EXERCISE: Set out each line from the following listing that includes the word "invH".

____ INPUT FOR THIS TASK

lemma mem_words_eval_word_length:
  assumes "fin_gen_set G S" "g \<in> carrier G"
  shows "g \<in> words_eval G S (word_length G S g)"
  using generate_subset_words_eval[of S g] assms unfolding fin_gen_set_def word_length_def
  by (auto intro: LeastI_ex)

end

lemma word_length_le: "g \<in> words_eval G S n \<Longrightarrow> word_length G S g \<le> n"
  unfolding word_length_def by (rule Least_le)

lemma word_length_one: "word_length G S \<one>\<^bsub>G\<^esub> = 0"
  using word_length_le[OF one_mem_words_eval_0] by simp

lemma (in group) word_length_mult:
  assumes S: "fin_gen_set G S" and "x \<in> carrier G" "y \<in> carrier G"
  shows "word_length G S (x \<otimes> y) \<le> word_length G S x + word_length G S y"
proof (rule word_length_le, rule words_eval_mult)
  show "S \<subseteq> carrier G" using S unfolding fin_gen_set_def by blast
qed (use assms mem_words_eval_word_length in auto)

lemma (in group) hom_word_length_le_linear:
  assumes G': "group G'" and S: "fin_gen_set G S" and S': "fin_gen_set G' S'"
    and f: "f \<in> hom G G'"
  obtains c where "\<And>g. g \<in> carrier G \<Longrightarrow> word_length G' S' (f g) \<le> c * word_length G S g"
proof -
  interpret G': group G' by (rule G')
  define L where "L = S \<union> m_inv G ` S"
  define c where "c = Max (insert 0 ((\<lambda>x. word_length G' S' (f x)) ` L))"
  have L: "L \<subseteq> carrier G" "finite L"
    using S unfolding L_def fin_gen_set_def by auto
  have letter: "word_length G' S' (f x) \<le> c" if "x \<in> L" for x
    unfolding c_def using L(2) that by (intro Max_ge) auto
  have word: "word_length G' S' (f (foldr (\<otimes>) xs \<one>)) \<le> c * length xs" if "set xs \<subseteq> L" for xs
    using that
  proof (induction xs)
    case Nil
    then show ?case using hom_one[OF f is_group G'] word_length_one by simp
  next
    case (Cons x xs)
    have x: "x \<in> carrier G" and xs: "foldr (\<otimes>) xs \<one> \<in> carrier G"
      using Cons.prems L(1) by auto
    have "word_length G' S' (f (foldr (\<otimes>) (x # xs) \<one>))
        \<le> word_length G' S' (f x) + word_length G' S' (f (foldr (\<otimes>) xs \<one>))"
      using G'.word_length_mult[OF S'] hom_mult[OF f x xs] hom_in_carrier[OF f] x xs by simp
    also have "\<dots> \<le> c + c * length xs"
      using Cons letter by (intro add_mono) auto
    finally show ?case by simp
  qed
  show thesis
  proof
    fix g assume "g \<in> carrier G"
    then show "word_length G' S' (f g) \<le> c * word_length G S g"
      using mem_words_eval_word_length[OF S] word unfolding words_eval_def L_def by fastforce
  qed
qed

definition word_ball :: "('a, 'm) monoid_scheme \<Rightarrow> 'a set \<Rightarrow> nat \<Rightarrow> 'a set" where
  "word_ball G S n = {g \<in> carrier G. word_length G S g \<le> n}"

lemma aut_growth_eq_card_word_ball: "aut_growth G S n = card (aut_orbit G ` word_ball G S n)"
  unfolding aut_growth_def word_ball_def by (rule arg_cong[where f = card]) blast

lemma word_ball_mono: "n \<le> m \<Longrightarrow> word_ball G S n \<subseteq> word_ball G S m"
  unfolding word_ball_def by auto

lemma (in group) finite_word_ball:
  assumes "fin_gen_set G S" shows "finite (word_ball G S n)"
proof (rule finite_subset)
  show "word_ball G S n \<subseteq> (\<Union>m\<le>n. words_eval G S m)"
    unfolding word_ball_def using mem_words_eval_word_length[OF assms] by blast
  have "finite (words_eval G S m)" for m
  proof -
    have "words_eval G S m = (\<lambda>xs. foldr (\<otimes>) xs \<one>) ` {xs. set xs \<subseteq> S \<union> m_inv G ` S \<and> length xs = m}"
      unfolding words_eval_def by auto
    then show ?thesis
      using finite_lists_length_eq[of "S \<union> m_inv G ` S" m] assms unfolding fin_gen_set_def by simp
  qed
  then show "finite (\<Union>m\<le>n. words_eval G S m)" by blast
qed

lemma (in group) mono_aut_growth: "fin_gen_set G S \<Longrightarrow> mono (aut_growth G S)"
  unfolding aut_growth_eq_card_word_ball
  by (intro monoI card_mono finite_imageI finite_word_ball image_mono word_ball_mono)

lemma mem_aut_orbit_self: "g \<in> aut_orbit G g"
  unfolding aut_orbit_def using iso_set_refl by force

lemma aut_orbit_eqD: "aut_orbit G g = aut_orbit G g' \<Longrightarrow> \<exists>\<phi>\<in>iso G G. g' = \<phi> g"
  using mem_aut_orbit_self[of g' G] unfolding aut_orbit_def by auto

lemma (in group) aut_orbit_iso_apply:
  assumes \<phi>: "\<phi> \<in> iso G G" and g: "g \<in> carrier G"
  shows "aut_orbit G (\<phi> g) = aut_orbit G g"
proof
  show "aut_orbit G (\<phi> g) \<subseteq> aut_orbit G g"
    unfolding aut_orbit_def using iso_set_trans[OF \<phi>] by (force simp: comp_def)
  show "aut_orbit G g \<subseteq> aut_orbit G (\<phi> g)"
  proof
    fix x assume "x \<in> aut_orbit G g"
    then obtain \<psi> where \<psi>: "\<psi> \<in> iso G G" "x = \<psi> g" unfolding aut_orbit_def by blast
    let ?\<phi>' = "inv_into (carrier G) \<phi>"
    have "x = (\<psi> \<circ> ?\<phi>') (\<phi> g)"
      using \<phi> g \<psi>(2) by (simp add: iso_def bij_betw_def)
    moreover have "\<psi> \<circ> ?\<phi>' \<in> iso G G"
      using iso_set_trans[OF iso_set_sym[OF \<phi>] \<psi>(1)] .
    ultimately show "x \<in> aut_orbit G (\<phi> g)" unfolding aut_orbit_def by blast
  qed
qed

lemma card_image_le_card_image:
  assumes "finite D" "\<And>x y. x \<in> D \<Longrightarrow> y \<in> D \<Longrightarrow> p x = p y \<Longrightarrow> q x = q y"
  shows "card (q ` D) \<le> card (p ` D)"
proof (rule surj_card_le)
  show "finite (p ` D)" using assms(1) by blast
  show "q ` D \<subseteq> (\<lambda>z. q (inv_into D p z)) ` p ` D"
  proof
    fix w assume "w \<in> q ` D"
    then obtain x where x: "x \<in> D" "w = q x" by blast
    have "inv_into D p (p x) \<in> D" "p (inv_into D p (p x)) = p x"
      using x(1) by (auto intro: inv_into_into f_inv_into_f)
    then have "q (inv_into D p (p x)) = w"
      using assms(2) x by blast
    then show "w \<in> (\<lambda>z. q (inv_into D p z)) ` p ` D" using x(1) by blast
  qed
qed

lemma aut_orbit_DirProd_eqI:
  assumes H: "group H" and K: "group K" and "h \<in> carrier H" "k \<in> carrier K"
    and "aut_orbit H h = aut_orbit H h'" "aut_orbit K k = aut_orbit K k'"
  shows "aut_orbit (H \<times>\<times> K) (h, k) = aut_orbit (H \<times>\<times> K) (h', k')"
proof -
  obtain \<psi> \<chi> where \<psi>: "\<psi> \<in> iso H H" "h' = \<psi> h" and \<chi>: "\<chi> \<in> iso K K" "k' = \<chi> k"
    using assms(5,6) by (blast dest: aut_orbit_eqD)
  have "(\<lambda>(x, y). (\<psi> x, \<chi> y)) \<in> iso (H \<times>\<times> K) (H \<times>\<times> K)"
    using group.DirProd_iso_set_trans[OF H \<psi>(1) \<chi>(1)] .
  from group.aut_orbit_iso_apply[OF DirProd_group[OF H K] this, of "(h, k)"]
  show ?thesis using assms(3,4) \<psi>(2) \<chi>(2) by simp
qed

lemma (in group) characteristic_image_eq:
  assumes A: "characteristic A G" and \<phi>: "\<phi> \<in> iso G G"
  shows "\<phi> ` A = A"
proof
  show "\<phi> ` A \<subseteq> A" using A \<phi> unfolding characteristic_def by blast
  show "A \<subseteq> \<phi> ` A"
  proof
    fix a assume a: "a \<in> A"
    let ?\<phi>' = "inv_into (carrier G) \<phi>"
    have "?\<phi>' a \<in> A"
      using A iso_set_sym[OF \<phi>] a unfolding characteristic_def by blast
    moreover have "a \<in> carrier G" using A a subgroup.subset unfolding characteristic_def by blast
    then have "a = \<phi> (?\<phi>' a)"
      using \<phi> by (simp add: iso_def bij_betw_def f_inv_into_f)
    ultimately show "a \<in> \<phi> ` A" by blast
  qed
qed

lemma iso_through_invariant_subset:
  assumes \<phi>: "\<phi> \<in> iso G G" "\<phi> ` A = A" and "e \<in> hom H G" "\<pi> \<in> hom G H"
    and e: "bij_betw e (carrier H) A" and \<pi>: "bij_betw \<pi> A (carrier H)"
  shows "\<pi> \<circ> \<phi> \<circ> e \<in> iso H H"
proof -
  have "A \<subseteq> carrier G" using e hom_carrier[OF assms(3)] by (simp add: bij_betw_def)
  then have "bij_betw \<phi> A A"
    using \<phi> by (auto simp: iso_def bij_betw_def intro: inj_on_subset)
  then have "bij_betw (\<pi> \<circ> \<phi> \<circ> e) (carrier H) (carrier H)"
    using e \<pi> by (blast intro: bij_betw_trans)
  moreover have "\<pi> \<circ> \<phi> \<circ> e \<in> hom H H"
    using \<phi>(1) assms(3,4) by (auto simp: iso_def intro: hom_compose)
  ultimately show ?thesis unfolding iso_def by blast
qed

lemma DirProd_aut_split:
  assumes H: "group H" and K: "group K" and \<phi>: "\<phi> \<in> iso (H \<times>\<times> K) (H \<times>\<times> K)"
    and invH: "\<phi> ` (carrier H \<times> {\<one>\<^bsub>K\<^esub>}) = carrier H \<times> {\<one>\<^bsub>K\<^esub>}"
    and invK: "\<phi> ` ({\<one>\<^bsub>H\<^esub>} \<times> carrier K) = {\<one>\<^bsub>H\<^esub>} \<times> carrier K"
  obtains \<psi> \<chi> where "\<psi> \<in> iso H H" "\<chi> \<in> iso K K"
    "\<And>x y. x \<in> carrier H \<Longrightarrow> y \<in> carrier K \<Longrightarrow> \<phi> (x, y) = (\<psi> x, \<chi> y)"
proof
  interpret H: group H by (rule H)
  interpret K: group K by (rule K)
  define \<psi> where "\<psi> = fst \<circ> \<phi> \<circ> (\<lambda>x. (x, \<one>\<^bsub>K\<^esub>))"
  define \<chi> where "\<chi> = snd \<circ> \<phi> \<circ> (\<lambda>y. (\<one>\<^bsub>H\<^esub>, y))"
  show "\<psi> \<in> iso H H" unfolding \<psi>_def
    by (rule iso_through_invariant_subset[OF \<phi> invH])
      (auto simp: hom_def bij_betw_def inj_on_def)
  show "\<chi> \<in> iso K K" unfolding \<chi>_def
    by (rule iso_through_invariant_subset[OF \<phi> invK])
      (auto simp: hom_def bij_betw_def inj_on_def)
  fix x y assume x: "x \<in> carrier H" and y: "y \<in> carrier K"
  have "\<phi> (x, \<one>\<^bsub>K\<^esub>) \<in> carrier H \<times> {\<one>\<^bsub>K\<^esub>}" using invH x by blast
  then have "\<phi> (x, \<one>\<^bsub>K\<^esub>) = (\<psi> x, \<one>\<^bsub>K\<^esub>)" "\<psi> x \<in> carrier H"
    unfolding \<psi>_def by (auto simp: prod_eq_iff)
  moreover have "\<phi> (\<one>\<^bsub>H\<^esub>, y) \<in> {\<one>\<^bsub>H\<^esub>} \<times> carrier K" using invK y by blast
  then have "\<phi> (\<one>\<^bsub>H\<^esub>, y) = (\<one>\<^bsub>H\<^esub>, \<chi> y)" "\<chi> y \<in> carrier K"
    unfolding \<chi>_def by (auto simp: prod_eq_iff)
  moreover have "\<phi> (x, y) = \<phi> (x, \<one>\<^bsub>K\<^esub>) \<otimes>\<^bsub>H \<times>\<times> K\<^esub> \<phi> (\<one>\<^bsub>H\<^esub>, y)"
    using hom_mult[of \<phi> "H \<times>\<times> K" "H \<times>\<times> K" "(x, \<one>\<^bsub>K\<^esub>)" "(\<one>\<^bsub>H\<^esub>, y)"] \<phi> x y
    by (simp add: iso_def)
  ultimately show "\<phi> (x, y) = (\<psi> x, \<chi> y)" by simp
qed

________

SOLUTION TO THIS PROBLEM:
    and invH: "\<phi> ` (carrier H \<times> {\<one>\<^bsub>K\<^esub>}) = carrier H \<times> {\<one>\<^bsub>K\<^esub>}"
    by (rule iso_through_invariant_subset[OF \<phi> invH])
  have "\<phi> (x, \<one>\<^bsub>K\<^esub>) \<in> carrier H \<times> {\<one>\<^bsub>K\<^esub>}" using invH x by blast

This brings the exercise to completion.